# Parallel normative modelling

This notebook will go through the options of the runner class. We will show how to fit and evaluate a model in parallel, and how to do cross-validation. 

This notebook is just an adaptation of the 'normative_modelling.ipynb' notebook, so it is recommended that you look at that one first.

The notebook is tailored to the Slurm environment on the Donders HPC cluster, but can be adapted to other Slurm or Torque environments. 


## Setting up the environment on the cluster

First, SSH into the cluster. If you are using VScode, you can use the Remote - SSH extension to connect to the cluster. It's a breeze. 

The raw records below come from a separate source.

lemma bellman_cdf_eq_mixture:
  assumes "\<And>s a. real_distribution (\<eta> s a)"
  shows "bellman_cdf P \<pi> R \<gamma> \<eta> s a
    = (\<lambda>z. \<Sum>i\<in>UNIV. weight s a i * cdf (return_dist (R s a) \<gamma> (case_prod \<eta> i)) z)"
proof
  fix z
  have "bellman_cdf P \<pi> R \<gamma> \<eta> s a z
      = (\<Sum>s'\<in>UNIV. \<Sum>a'\<in>UNIV. weight s a (s', a') * cdf (return_dist (R s a) \<gamma> (\<eta> s' a')) z)"
    by (simp add: bellman_cdf_def bellman_weight_def cdf_return_dist assms discount_pos
        real_distribution_reward)
  also have "\<dots> = (\<Sum>i\<in>UNIV. weight s a i * cdf (return_dist (R s a) \<gamma> (case_prod \<eta> i)) z)"
    unfolding UNIV_Times_UNIV[symmetric] sum.cartesian_product' by simp
  finally show "bellman_cdf P \<pi> R \<gamma> \<eta> s a z
      = (\<Sum>i\<in>UNIV. weight s a i * cdf (return_dist (R s a) \<gamma> (case_prod \<eta> i)) z)" .
qed

lemma
  assumes "\<And>s a. real_distribution (\<eta> s a)"
  shows real_distribution_bellman: "real_distribution (T \<eta> s a)"
    and cdf_bellman: "cdf (T \<eta> s a) = bellman_cdf P \<pi> R \<gamma> \<eta> s a"
proof -
  have "real_distribution (return_dist (R s a) \<gamma> (case_prod \<eta> i))" for i
    using assms by (rule real_distribution_return_dist_case_prod)
  then show "real_distribution (T \<eta> s a)" "cdf (T \<eta> s a) = bellman_cdf P \<pi> R \<gamma> \<eta> s a"
    unfolding bellman_def bellman_cdf_eq_mixture[OF assms]
    by (simp_all add: real_distribution_mixture cdf_mixture bellman_weight_nonneg
        sum_bellman_weight)
qed

lemma stop_loss_bellman_le:
  assumes \<eta>: "\<And>s a. real_distribution (\<eta> s a)" and \<eta>': "\<And>s a. real_distribution (\<eta>' s a)"
  shows "(\<integral>\<^sup>+u. ennreal (quantile (T \<eta> s a) u - quantile (T \<eta>' s a) u - t) \<partial>uniform01)
    \<le> (\<Sum>i\<in>UNIV. ennreal (weight s a i) * (\<integral>\<^sup>+u.
          ennreal (\<gamma> * (quantile (case_prod \<eta> i) u - quantile (case_prod \<eta>' i) u) - t) \<partial>uniform01))"
proof -
  let ?F = "\<lambda>\<eta> i. cdf (return_dist (R s a) \<gamma> (case_prod \<eta> i))"
  have dist: "real_distribution (case_prod \<eta> i)" "real_distribution (case_prod \<eta>' i)" for i
    by (cases i; simp add: \<eta> \<eta>')+
  have [measurable]: "?F \<eta> i \<in> borel_measurable borel" "?F \<eta>' i \<in> borel_measurable borel" for i
    by (intro borel_measurable_cdf real_distribution_return_dist_case_prod \<eta> \<eta>')+
  have "(\<integral>\<^sup>+u. ennreal (quantile (T \<eta> s a) u - quantile (T \<eta>' s a) u - t) \<partial>uniform01)
      = (\<integral>\<^sup>+x. ennreal (cdf (T \<eta>' s a) (x - t) - cdf (T \<eta> s a) x) \<partial>lborel)"
    by (intro stop_loss_quantile_eq real_distribution_bellman \<eta> \<eta>')
  also have "\<dots> = (\<integral>\<^sup>+x. ennreal (\<Sum>i\<in>UNIV. weight s a i * (?F \<eta>' i (x - t) - ?F \<eta> i x)) \<partial>lborel)"
    by (simp add: cdf_bellman bellman_cdf_eq_mixture \<eta> \<eta>' sum_subtractf right_diff_distrib)
  also have "\<dots>
      \<le> (\<integral>\<^sup>+x. (\<Sum>i\<in>UNIV. ennreal (weight s a i) * ennreal (?F \<eta>' i (x - t) - ?F \<eta> i x)) \<partial>lborel)"
    by (intro nn_integral_mono ennreal_sum_mult_le bellman_weight_nonneg)
  also have "\<dots>
      = (\<Sum>i\<in>UNIV. ennreal (weight s a i) * (\<integral>\<^sup>+x. ennreal (?F \<eta>' i (x - t) - ?F \<eta> i x) \<partial>lborel))"
    by (simp add: nn_integral_sum nn_integral_cmult)
  also have "\<dots> \<le> (\<Sum>i\<in>UNIV. ennreal (weight s a i) * (\<integral>\<^sup>+u.
      ennreal (\<gamma> * (quantile (case_prod \<eta> i) u - quantile (case_prod \<eta>' i) u) - t) \<partial>uniform01))"
    by (intro sum_mono mult_left_mono stop_loss_return_dist_le real_distribution_reward dist) simp
  finally show ?thesis .
qed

We start with a clean environment and install the PCNtoolkit package. We do this in an interactive job, because it is much faster than using a login node.

```bash
sbash --time=10:00:00 --mem=16gb -c 4 --ntasks-per-node=1
module load anaconda3
conda create -n pcntoolkit_cluster_tutorial python=3.12
source activate pcntoolkit_cluster_tutorial
pip install pcntoolkit
pip install ipykernel
pip install graphviz
```

Next, we want to use the newly created environment in our notebook. 

If you are running this notebook in VScode, you can select the environment by clicking on the mysterious symbol in the top right corner of the notebook. 

Click "Select Another Kernel...", "Python environments...", and then from the dropdown, select the `pcntoolkit_cluster_tutorial` environment. 

You may have to reload the window after creating the environment before it is available in VScode -> Open the command palette (mac: cmd+shift+P, windows: ctrl+shift+P) and type "Reload Window"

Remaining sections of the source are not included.